In their introduction to Comparatizing Taiwan, editors Shih Shu-mei and Liao Ping-hui propose analyzing the nation not as an individual area of study but as “a site and a product of relations with other entities and areas in terms of culture, geography, history, politics, and economy.” In the 13 chapters of this collection, leading scholars of Taiwan studies and world culture detail how the nation might be best understood vis-à-vis other countries, islands, economies, indigenous and settler cultures, and post-colonial societies.

Comparatizing Taiwan serves as a critique of traditional understandings of nationalism and geography. While, in conventional scholarship, the subject of Taiwan is most often brought up in relation to mainland China, the authors find other points of comparison. Readers of this work are challenged to think of Taiwan in relation to entities such as the Canadian province of Quebec or even relatively small Caribbean Islands. Through a comparative approach, the editors propose to “bring out the richness of Taiwan” and also “to offer a model for studying small nations.”

Breaking Down Exceptionalisms

In his thought-provoking opening essay, “Comparativism and Taiwan studies: Analyzing Taiwan in/out of context, or Taiwan as an East Asian New World Society,” Frank Muyard, an assistant professor at National Central University in northern Taiwan’s Taoyuan City, articulates the possibilities for employing a comparative approach in the study of the nation. Muyard sets a radical tone for Comparatizing Taiwan by challenging the notion that the country can only be compared with other Third Wave East Asian democracies such as South Korea, or with mainland China, given their presumed civilizational similarities.
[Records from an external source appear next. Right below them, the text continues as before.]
lemma pairing_u_kernel_minus_circle_mean:
  assumes "n \<ge> 2" and "C2_circle \<phi>"
  shows "(\<lambda>r. pairing (dilate (\<lambda>z. of_real (u_kernel n z)) r) \<phi> - of_real (circle_mean (u_kernel n) r) * \<phi> 1)
           \<in> O[at_left 1](\<lambda>r. of_real ((1 - r)^2))"
proof -
  obtain g' g'' where g': "\<And>t. ((\<lambda>s. \<phi> (cis s)) has_vector_derivative g' t) (at t)"
    and g'': "\<And>t. (g' has_vector_derivative g'' t) (at t)" and "continuous_on UNIV g''"
    using \<open>C2_circle \<phi>\<close> unfolding C2_circle_def by blast
  have "cis (t + 2*pi) = cis t" for t
    by (simp add: complex_eq_iff)
  then have "\<phi> (cis (t + 2*pi)) = \<phi> (cis t)" for t
    by simp
  then obtain M where M: "\<And>t. t \<in> {0..2*pi} \<Longrightarrow> norm (\<phi> (cis t) - \<phi> 1 - sin t *\<^sub>R g' 0) \<le> M * (1 - cos t)"
    using periodic_second_order_bound[OF g' g'' \<open>continuous_on UNIV g''\<close>] by force
  define R where "R t = \<phi> (cis t) - \<phi> 1 - sin t *\<^sub>R g' 0" for t
  have "continuous_on {0..2*pi} R"
    unfolding R_def
    by (intro continuous_intros continuous_on_vector_derivative) (auto intro: has_vector_derivative_at_within g')
  define C where "C = (\<Sum>k=0..2*(n-1)-2. \<bar>mean_coeff (n-1) k\<bar>)"
  have "eventually (\<lambda>r. r \<in> {1/2<..<1}) (at_left (1::real))"
    by (rule eventually_at_left_real) simp
  then have "eventually (\<lambda>r. norm (pairing (dilate (\<lambda>z. of_real (u_kernel n z)) r) \<phi>
      - of_real (circle_mean (u_kernel n) r) * \<phi> 1) \<le> 4 * M * C * norm (complex_of_real ((1 - r)^2))) (at_left 1)"
  proof eventually_elim
    case (elim r)
    have "pairing (dilate (\<lambda>z. of_real (u_kernel n z)) r) \<phi> - of_real (circle_mean (u_kernel n) r) * \<phi> 1 =
        of_real (1 / (2*pi)) * integral {0..2*pi} (\<lambda>t. of_real (u_kernel (Suc (n-1)) (of_real r * cis t)) * R t)"
      using elim \<open>n \<ge> 2\<close> \<open>continuous_on {0..2*pi} R\<close>
      by (subst pairing_u_kernel_decompose[where R = R and c = "g' 0"]) (auto simp: R_def)
    also have "norm \<dots> = 1 / (2*pi) *
        norm (integral {0..2*pi} (\<lambda>t. of_real (u_kernel (Suc (n-1)) (of_real r * cis t)) * R t))"
      by (simp add: norm_mult norm_divide)
    also have "\<dots> \<le> 1 / (2*pi) * (8 * pi * M * C * (1 - r)^2)"
      unfolding C_def using elim \<open>n \<ge> 2\<close> \<open>continuous_on {0..2*pi} R\<close> M
      by (intro mult_left_mono norm_integral_u_kernel_remainder_le) (auto simp: R_def)
    also have "\<dots> = 4 * M * C * norm (complex_of_real ((1 - r)^2))"
      by (simp only: norm_of_real abs_power2) simp
    finally show ?case .
  qed
  then show ?thesis by (rule bigoI)
qed

lemma C2_circle_const: "C2_circle (\<lambda>_. c)"
  unfolding C2_circle_def by (intro exI[of _ "\<lambda>_. 0"]) (auto intro: derivative_eq_intros)

lemma pairing_u_kernel_expansion:
  assumes "n \<ge> 2" and "C2_circle \<phi>"
  shows "(\<lambda>r. pairing (dilate (\<lambda>z. of_real (u_kernel n z)) r) \<phi>
            - (of_real (const_a n) * \<phi> 1 + of_real (const_b n * (1 - r)) * \<phi> 1))
           \<in> O[at_left 1](\<lambda>r. of_real ((1 - r)^2))"
proof -
  have "(\<lambda>r. of_real (circle_mean (u_kernel n) r - (const_a n + const_b n * (1 - r))))
      \<in> O[at_left 1](\<lambda>r. complex_of_real ((1 - r)^2))"
    unfolding landau_o.big.of_real_iff using assms by (intro circle_mean_u_kernel_expansion) simp
  then have "(\<lambda>r. \<phi> 1 * of_real (circle_mean (u_kernel n) r - (const_a n + const_b n * (1 - r))))
      \<in> O[at_left 1](\<lambda>r. complex_of_real ((1 - r)^2))"
    by (simp only: cmult_in_bigo_iff) blast
  from sum_in_bigo(1)[OF pairing_u_kernel_minus_circle_mean[OF assms] this] show ?thesis
    by (simp add: algebra_simps)
qed

section \<open>Uniqueness of the coefficients\<close>

lemma affine_in_bigo_square_at_left_1:
  fixes c d :: real
  assumes "(\<lambda>r. c + d * (1 - r)) \<in> O[at_left 1](\<lambda>r. (1 - r)^2)"
  shows "c = 0 \<and> d = 0"
proof -
  obtain C where bound: "eventually (\<lambda>r. \<bar>c + d * (1 - r)\<bar> \<le> C * (1 - r)^2) (at_left 1)"
    using assms by (auto elim!: landau_o.bigE)
  have to_0: "((\<lambda>r. 1 - r) \<longlongrightarrow> 0) (at_left (1::real))"
    by (auto intro!: tendsto_eq_intros)
  have "((\<lambda>r. \<bar>c + d * (1 - r)\<bar>) \<longlongrightarrow> \<bar>c + d * 0\<bar>) (at_left 1)"
    and "((\<lambda>r. C * (1 - r)^2) \<longlongrightarrow> C * 0^2) (at_left 1)"
    by (intro tendsto_intros to_0)+
  from tendsto_le[OF _ this(2,1) bound] have "\<bar>c + d * 0\<bar> \<le> C * 0^2"
    by simp
  then have "c = 0" by simp
  have "eventually (\<lambda>r. r \<in> {0<..<1}) (at_left (1::real))"
    by (rule eventually_at_left_real) simp
  with bound have d_bound: "eventually (\<lambda>r. \<bar>d\<bar> \<le> C * (1 - r)) (at_left 1)"
  proof eventually_elim
    case (elim r)
    then have "\<bar>d\<bar> * (1 - r) \<le> (C * (1 - r)) * (1 - r)"
      using \<open>c = 0\<close> by (simp add: abs_mult power2_eq_square mult_ac)
    then show ?case using elim by simp
  qed
  have "((\<lambda>r. C * (1 - r)) \<longlongrightarrow> C * 0) (at_left 1)"
    by (intro tendsto_intros to_0)
  from tendsto_le[OF _ this tendsto_const d_bound] have "\<bar>d\<bar> \<le> C * 0"
    by simp
  with \<open>c = 0\<close> show ?thesis by simp
qed

lemma expansion_coefficients_unique:
  fixes f :: "real \<Rightarrow> complex"
  assumes "(\<lambda>r. f r - (of_real a + of_real (b * (1 - r)))) \<in> O[at_left 1](\<lambda>r. of_real ((1 - r)^2))"
    and "(\<lambda>r. f r - (of_real a' + of_real (b' * (1 - r)))) \<in> O[at_left 1](\<lambda>r. of_real ((1 - r)^2))"
  shows "a = a' \<and> b = b'"
proof -
  have "(\<lambda>r. of_real ((a - a') + (b - b') * (1 - r))) \<in> O[at_left 1](\<lambda>r. complex_of_real ((1 - r)^2))"
    using sum_in_bigo(2)[OF assms(2,1)] by (simp add: algebra_simps)
  then have "(\<lambda>r. (a - a') + (b - b') * (1 - r)) \<in> O[at_left 1](\<lambda>r. (1 - r)^2)"
    by (simp only: landau_o.big.of_real_iff)
  then show ?thesis
    using affine_in_bigo_square_at_left_1 by force
qed

lemma pairing_u_kernel_coefficients_unique:
  assumes "n \<ge> 2"
    and "\<forall>\<phi>. C2_circle \<phi> \<longrightarrow>
      (\<lambda>r. pairing (dilate (\<lambda>z. of_real (u_kernel n z)) r) \<phi>
        - (of_real a * \<phi> 1 + of_real (b * (1 - r)) * \<phi> 1)) \<in> O[at_left 1](\<lambda>r. of_real ((1 - r)^2))"
  shows "a = const_a n \<and> b = const_b n"
proof (rule expansion_coefficients_unique)
  let ?f = "\<lambda>r. pairing (dilate (\<lambda>z. of_real (u_kernel n z)) r) (\<lambda>_. 1)"
  show "(\<lambda>r. ?f r - (of_real a + of_real (b * (1 - r)))) \<in> O[at_left 1](\<lambda>r. of_real ((1 - r)^2))"
    using assms(2)[rule_format, OF C2_circle_const[of 1]] by (simp only: mult_1_right)
  show "(\<lambda>r. ?f r - (of_real (const_a n) + of_real (const_b n * (1 - r)))) \<in> O[at_left 1](\<lambda>r. of_real ((1 - r)^2))"
    using pairing_u_kernel_expansion[OF assms(1) C2_circle_const[of 1]] by (simp only: mult_1_right)
qed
Instead, he argues, new perspectives might be gained by contrasting Taiwan with New World territories that experienced multiple waves of colonialization like Quebec. As Muyard notes, in the case of both Taiwan and Quebec, one sees “the same oppression of the local and popular culture and language, a similar de-culturalization of the ‘native’ settlers, and similar stigmas of ethnic, class, and cultural inferiority.”

Alternatively, Hsiao Li-chun, an associate professor in the Department of Foreign Languages and Literatures at National Taiwan University (NTU) in Taipei, offers the Caribbean as a point of reference to understand Taiwan’s relationship to modernity and coloniality and as a critique of the Euro-American biases of foreign language and literature departments at Taiwanese tertiary institutions.

Several of the essays within Comparatizing Taiwan give re-interpretations of Taiwanese literature. Wu Chien-heng, an assistant professor in the Department of English at National Kaohsiung Normal University in southern Taiwan, challenges conventional readings of Wu Zhuoliu’s (吳濁流) celebrated novel Orphan of Asia, a semi-autobiographical work completed in 1945 and set during the period of Japanese colonial rule over Taiwan (1895–1945). The orphan metaphor is often understood to represent Taiwan’s dispossession from China. Instead, Wu Chien-heng argues, one might understand the work as demonstrative of universal themes of the anti-colonial struggle.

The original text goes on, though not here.